Artcicle two. Arthritis Research UK gardening week
Niki Preston looks at garden design
Give some thought to the lay out and design of your garden. There is no point having a huge lawn and deep borders if you have limited mobility, after all who is going mow the lawn and weed the beds. Raised bed gardening is definitely worth a try. I have a totally raised garden.
It wasn’t achieved over night, in fact it has taken three years and it was done in stages. I still have my big borders they just have raised beds in now; most of them were made from decking by my very handy husband, James. If a complete garden makeover is simply out of the question then here are a few ideas that might be worth a try.

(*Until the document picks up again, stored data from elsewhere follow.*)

(* Let $n,l_1,u_1,l_2,u_2$ be non-negative integers and $(f(k))$, $(g(k))$ complex sequences such that $\sum_{k=l_1}^{u_1}f(k)t^k(1-t)^{n-k}=\sum_{k=l_2}^{u_2}g(k)t^k$ for all complex $t$. Let $s\in\mathbb{C}\setminus\mathbb{Z}^{-}$, $s\neq0$. Then \[ \sum_{k=l_1}^{u_1}\frac{f(k)}{(k+s)\binom{n+s}{k+s}}=\sum_{k=l_2}^{u_2}\frac{g(k)}{k+s},\qquad \sum_{k=l_1}^{u_1}\frac{f(k)}{(k+1)\binom{n+1}{k+1}}=\sum_{k=l_2}^{u_2}\frac{g(k)}{k+1}, \] \[ \sum_{k=l_1}^{u_1}f(k)\frac{H_{n-k}-H_{n+s}}{(k+s)\binom{n+s}{k+s}}=-\sum_{k=l_2}^{u_2}g(k)\frac{H_{k+s}}{k+s},\qquad \sum_{k=l_1}^{u_1}f(k)\frac{H_{n-k}-H_{n+1}}{(k+1)\binom{n+1}{k+1}}=-\sum_{k=l_2}^{u_2}g(k)\frac{H_{k+1}}{k+1}. \]
   Context: $\mathbb{Z}^{-}$ denotes the set of negative integers. For complex $z$ not a negative integer, $H_z=\psi(z+1)+\gamma$; for integers $m\ge0$, $H_m=\sum_{j=1}^m1/j$. Binomial coefficients with complex entries: $\binom{x}{y}=\frac{\Gamma(x+1)}{\Gamma(y+1)\Gamma(x-y+1)}$. *)

theory Defs
  imports "HOL-Analysis.Analysis"
begin

text \<open>Harmonic numbers of a complex argument: H z = psi(z+1) + gamma.\<close>
definition Hc :: "complex \<Rightarrow> complex" where
  "Hc z = Digamma (z + 1) + of_real euler_mascheroni"

definition cbinom :: "complex \<Rightarrow> complex \<Rightarrow> complex" where
  "cbinom x y = Gamma (x + 1) / (Gamma (y + 1) * Gamma (x - y + 1))"

end

theory Submission
  imports Defs
begin

text \<open>
  Once the terms with \<open>k > n\<close> are shown to vanish (the left-hand side has no pole at
  \<open>t = 1\<close>), the hypothesis is an identity of polynomials, so any linear functional
  \<open>t^i \<mapsto> \<phi> i\<close> may be applied to it. It sends \<open>t^k (1 - t)^(n - k)\<close> to an alternating
  binomial sum of values of \<open>\<phi>\<close>. For \<open>\<phi> i = 1/(i + s)\<close> this sum is the Beta value
  \<open>B(k + s, n - k + 1) = 1/((k + s) binom(n + s, k + s))\<close>, and for \<open>\<phi> i = H(i + s)/(i + s)\<close>
  it is \<open>B(k + s, n - k + 1) (H(n + s) - H(n - k))\<close>; both follow by induction on \<open>n - k\<close>
  from \<open>B(x, y) = B(x + 1, y) + B(x, y + 1)\<close>. (These are the discrete forms of integrating
  the identity against \<open>t^(s - 1)\<close> and \<open>t^(s - 1) log(1 - t)\<close> over \<open>[0, 1]\<close>.)
\<close>

lemma of_nat_plus_notin_nonpos_Ints:
  fixes x :: "'a::ring_1"
  assumes "x \<notin> \<int>\<^sub>\<le>\<^sub>0"
  shows "of_nat k + x \<notin> \<int>\<^sub>\<le>\<^sub>0"
proof
  assume "of_nat k + x \<in> \<int>\<^sub>\<le>\<^sub>0"
  then have "of_nat k + x - of_nat k \<in> \<int>\<^sub>\<le>\<^sub>0"
    by (intro nonpos_Ints_diff_Nats) auto
  with assms show False by simp
qed

lemma of_nat_plus_1_notin_nonpos_Ints: "(of_nat m + 1 :: 'a::{ring_1,ring_char_0}) \<notin> \<int>\<^sub>\<le>\<^sub>0"
  using of_nat_in_nonpos_Ints_iff[of "Suc m", where 'a = 'a] by (simp add: add.commute)

lemma isCont_eq_if_eq_off_point:
  fixes f g :: "'a::{perfect_space,t2_space} \<Rightarrow> 'b::t2_space"
  assumes "isCont f a" "isCont g a" "\<And>x. x \<noteq> a \<Longrightarrow> f x = g x"
  shows "f a = g a"
proof -
  have "(g \<longlongrightarrow> g a) (at a)"
    using assms(2) by (simp add: isCont_def)
  moreover have "\<forall>\<^sub>F x in at a. g x = f x"
    by (auto simp: eventually_at_filter assms(3))
  ultimately have "(f \<longlongrightarrow> g a) (at a)"
    by (rule Lim_transform_eventually)
  moreover have "(f \<longlongrightarrow> f a) (at a)"
    using assms(1) by (simp add: isCont_def)
  ultimately show ?thesis
    using tendsto_unique[OF at_neq_bot] by blast
qed

text \<open>\<open>fdiff F m x\<close> is \<open>(-1)^m\<close> times the \<open>m\<close>-th forward difference of \<open>F\<close> at \<open>x\<close>.\<close>
definition fdiff :: "('a::semiring_1 \<Rightarrow> 'b::comm_ring_1) \<Rightarrow> nat \<Rightarrow> 'a \<Rightarrow> 'b" where
  "fdiff F m x = (\<Sum>j\<le>m. of_nat (m choose j) * (-1) ^ j * F (x + of_nat j))"

lemma fdiff_0 [simp]: "fdiff F 0 x = F x"
  by (simp add: fdiff_def)

lemma fdiff_Suc: "fdiff F (Suc m) x = fdiff F m x - fdiff F m (x + 1)"
proof -
  define e where "e j = (-1) ^ j * F (x + of_nat j)" for j
  have "fdiff F (Suc m) x
      = e 0 + (\<Sum>j\<le>m. of_nat (m choose Suc j) * e (Suc j)) + (\<Sum>j\<le>m. of_nat (m choose j) * e (Suc j))"
    unfolding fdiff_def e_def sum.atMost_Suc_shift[of _ m] sum.atMost_Suc_shift[of _ "Suc m"]
    by (simp add: sum.distrib[symmetric] algebra_simps del: sum.atMost_Suc)
  also have "e 0 + (\<Sum>j\<le>m. of_nat (m choose Suc j) * e (Suc j)) = (\<Sum>j\<le>Suc m. of_nat (m choose j) * e j)"
    by (simp add: sum.atMost_Suc_shift del: sum.atMost_Suc)
  also have "\<dots> = (\<Sum>j\<le>m. of_nat (m choose j) * e j)"
    by (simp add: binomial_eq_0)
  also have "\<dots> = fdiff F m x"
    by (simp add: fdiff_def e_def mult.assoc)
  also have "(\<Sum>j\<le>m. of_nat (m choose j) * e (Suc j)) = - fdiff F m (x + 1)"
    by (simp add: fdiff_def e_def sum_negf[symmetric] add_ac mult.assoc)
  finally show ?thesis by simp
qed

lemma fdiff_eqI:
  assumes "P x"
    and "\<And>x. P x \<Longrightarrow> P (x + 1)"
    and "\<And>x. P x \<Longrightarrow> G 0 x = F x"
    and "\<And>m x. P x \<Longrightarrow> G (Suc m) x = G m x - G m (x + 1)"
  shows "fdiff F m x = G m x"
  using assms(1)
proof (induction m arbitrary: x)
  case 0
  then show ?case by (simp add: assms(3))
next
  case (Suc m)
  then show ?case by (simp add: fdiff_Suc assms(2,4))
qed

lemma fdiff_power: "fdiff (\<lambda>i. t ^ i) m (k::nat) = t ^ k * (1 - t) ^ m"
  by (rule fdiff_eqI[where P = "\<lambda>_. True"]) (simp_all add: algebra_simps)

lemma fdiff_shift: "fdiff (\<lambda>i. F (of_nat i + s)) m k = fdiff F m (of_nat k + s)"
  by (simp add: fdiff_def add_ac)

lemma fdiff_eq_sum_coeffs:
  fixes \<psi> :: "nat \<Rightarrow> 'b::comm_ring_1"
  assumes "k + m \<le> N"
  shows "fdiff \<psi> m k = (\<Sum>i\<le>N. fdiff (\<lambda>j. if j = i then 1 else 0) m k * \<psi> i)"
proof -
  have "(\<Sum>i\<le>N. fdiff (\<lambda>j. if j = i then 1 else 0) m k * \<psi> i)
      = (\<Sum>j\<le>m. \<Sum>i\<le>N. of_nat (m choose j) * (-1) ^ j * (if k + j = i then \<psi> i else 0))"
    unfolding fdiff_def sum_distrib_right by (subst sum.swap) (auto intro!: sum.cong)
  also have "\<dots> = fdiff \<psi> m k"
    unfolding fdiff_def sum_distrib_left[symmetric] using assms by (intro sum.cong) auto
  finally show ?thesis ..
qed

lemma sum_fdiff_eq_if_eq_on_powers:
  fixes a b :: "nat \<Rightarrow> 'a::{idom,real_normed_div_algebra}" and m :: "nat \<Rightarrow> nat"
  assumes "finite A" "finite B"
    and "\<And>t. (\<Sum>k\<in>A. a k * fdiff (\<lambda>i. t ^ i) (m k) k) = (\<Sum>k\<in>B. b k * t ^ k)"
  shows "(\<Sum>k\<in>A. a k * fdiff \<phi> (m k) k) = (\<Sum>k\<in>B. b k * \<phi> k)"
proof -
  define N where "N = (\<Sum>k\<in>A. k + m k) + \<Sum>B"
  define c where "c i = (\<Sum>k\<in>A. a k * fdiff (\<lambda>j. if j = i then 1 else 0) (m k) k)" for i
  define d where "d i = (if i \<in> B then b i else 0)" for i
  have lhs: "(\<Sum>k\<in>A. a k * fdiff \<psi> (m k) k) = (\<Sum>i\<le>N. c i * \<psi> i)" for \<psi>
  proof -
    have "k + m k \<le> N" if "k \<in> A" for k
      using member_le_sum[OF that, of "\<lambda>k. k + m k"] assms(1) by (simp add: N_def)
    then have "(\<Sum>k\<in>A. a k * fdiff \<psi> (m k) k)
        = (\<Sum>k\<in>A. a k * (\<Sum>i\<le>N. fdiff (\<lambda>j. if j = i then 1 else 0) (m k) k * \<psi> i))"
      by (intro sum.cong refl arg_cong[where f = "(*) _"] fdiff_eq_sum_coeffs)
    also have "\<dots> = (\<Sum>i\<le>N. c i * \<psi> i)"
      by (simp add: c_def sum_distrib_left sum_distrib_right sum.swap[of _ A] mult.assoc)
    finally show ?thesis .
  qed
  have rhs: "(\<Sum>k\<in>B. b k * \<psi> k) = (\<Sum>i\<le>N. d i * \<psi> i)" for \<psi>
  proof -
    have "B \<subseteq> {..N}"
      using member_le_sum[of _ B id] assms(2) by (force simp: N_def)
    then show ?thesis
      by (intro sum.mono_neutral_cong_left) (auto simp: d_def)
  qed
  have "\<forall>t. (\<Sum>i\<le>N. c i * t ^ i) = (\<Sum>i\<le>N. d i * t ^ i)"
    using assms(3) by (simp add: lhs[symmetric] rhs[symmetric])
  then have "\<forall>i\<le>N. c i = d i"
    by (simp only: polyfun_eq_coeffs)
  then show ?thesis
    by (simp add: lhs rhs)
qed

lemma coeff_vanishes_if_isCont_at_1:
  fixes f :: "nat \<Rightarrow> 'a::real_normed_field"
  assumes "finite A" "isCont p 1"
    and p: "\<And>t. t \<noteq> 1 \<Longrightarrow> (\<Sum>k\<in>A. f k * t ^ k * (1 - t) powi (int n - int k)) = p t"
    and "k \<in> A" "n < k"
  shows "f k = 0"
proof (rule ccontr)
  assume "f k \<noteq> 0"
  define S where "S = {k\<in>A. f k \<noteq> 0}"
  define K where "K = Max S"
  have "finite S" "k \<in> S"
    using assms \<open>f k \<noteq> 0\<close> by (auto simp: S_def)
  then have "K \<in> S" and K_max: "\<And>j. j \<in> S \<Longrightarrow> j \<le> K"
    unfolding K_def by (auto intro!: Max_in)
  have "n < K"
    using K_max[OF \<open>k \<in> S\<close>] \<open>n < k\<close> by simp
  \<comment> \<open>\<open>(1 - t)^(K - n)\<close> times the left-hand side: a polynomial whose value at \<open>1\<close> is \<open>f K\<close>\<close>
  define q where "q t = (\<Sum>j\<in>S. f j * t ^ j * (1 - t) ^ (K - j))" for t :: 'a
  have q_eq: "q t = (1 - t) ^ (K - n) * p t" if "t \<noteq> 1" for t
  proof -
    have "(1 - t) powi (int n - int j) * (1 - t) ^ (K - n) = (1 - t) ^ (K - j)" if "j \<in> S" for j
    proof -
      have "(1 - t) powi (int n - int j) * (1 - t) ^ (K - n) = (1 - t) powi (int n - int j + int (K - n))"
        using \<open>t \<noteq> 1\<close> by (simp add: power_int_add power_int_of_nat)
      also have "int n - int j + int (K - n) = int (K - j)"
        using K_max[OF that] \<open>n < K\<close> by simp
      finally show ?thesis by (simp add: power_int_of_nat)
    qed
    then have "q t = (\<Sum>j\<in>A. f j * t ^ j * (1 - t) powi (int n - int j)) * (1 - t) ^ (K - n)"
      unfolding q_def sum_distrib_right using \<open>finite A\<close>
      by (intro sum.mono_neutral_cong_left) (auto simp: S_def mult.assoc)
    then show ?thesis
      using p[OF that] by simp
  qed
  have "isCont q 1"
    unfolding q_def by (intro continuous_intros)
  moreover have "isCont (\<lambda>t. (1 - t) ^ (K - n) * p t) 1"
    using assms(2) by (intro continuous_intros)
  ultimately have "q 1 = 0"
    using isCont_eq_if_eq_off_point[where f = q and g = "\<lambda>t. (1 - t) ^ (K - n) * p t"] q_eq \<open>n < K\<close>
    by simp
  moreover have "q 1 = (\<Sum>j\<in>S. if j = K then f j else 0)"
    unfolding q_def using K_max by (intro sum.cong) (auto simp: power_0_left dest: le_antisym)
  ultimately show False
    using \<open>finite S\<close> \<open>K \<in> S\<close> by (simp add: S_def)
qed

lemma Beta_1_right:
  fixes x :: "'a::Gamma"
  assumes "x \<notin> \<int>\<^sub>\<le>\<^sub>0"
  shows "Beta x 1 = 1 / x"
  using assms Gamma_plus1[OF assms] by (auto simp: Beta_def Gamma_eq_zero_iff)

lemma inverse_cbinom_eq_Beta:
  assumes "x \<notin> \<int>\<^sub>\<le>\<^sub>0"
  shows "inverse (x * cbinom (x + of_nat m) x) = Beta x (of_nat m + 1)"
proof -
  have "x + of_nat m + 1 \<notin> \<int>\<^sub>\<le>\<^sub>0"
    using of_nat_plus_notin_nonpos_Ints[OF assms, of "Suc m"] by (simp add: add_ac)
  then have "Gamma (x + of_nat m + 1) \<noteq> 0" "Gamma x \<noteq> 0"
    using assms by (simp_all add: Gamma_eq_zero_iff)
  moreover have "Gamma (of_nat m + 1 :: complex) \<noteq> 0"
    by (simp add: Gamma_eq_zero_iff of_nat_plus_1_notin_nonpos_Ints)
  moreover have "cbinom (x + of_nat m) x = Gamma (x + of_nat m + 1) / (x * Gamma x * Gamma (of_nat m + 1))"
    by (simp add: cbinom_def Gamma_plus1[OF assms])
  moreover have "x \<noteq> 0"
    using assms by auto
  ultimately show ?thesis
    by (simp add: Beta_def add_ac)
qed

Have a good look around your garden and decide which parts you really would like to garden in more easily. Placing stepping stones in strategic places can provide a good solid surface to stand on. This year we are planning some new pathways across the lawn as I can no longer walk on uneven surfaces and I finally managed to convince James to give up some of the lawn. So consider a few pathways to get you to the bits of garden that are impossible or too precarious to get to.
I have also recently added several raised beds and pots to the patio because on really bad days when I can hardly walk at all, my garden still calls to me so making the patio accessible has been brilliant. I can get my garden fix even on very painful days, sitting and whizzing about the patio on my chair to the different beds, pots and even the raised pond.
Having several different seating areas is also a good idea, nothing fancy just a seat. That way you can garden to the seat then take a break, sit where you are instead of having to walk back to the house, then garden a bit more to the next seat. It is also a great way to admire your garden from every angle.
A little bit at a time and you will soon have an accessible garden, start with a few pots and the garden is your oyster.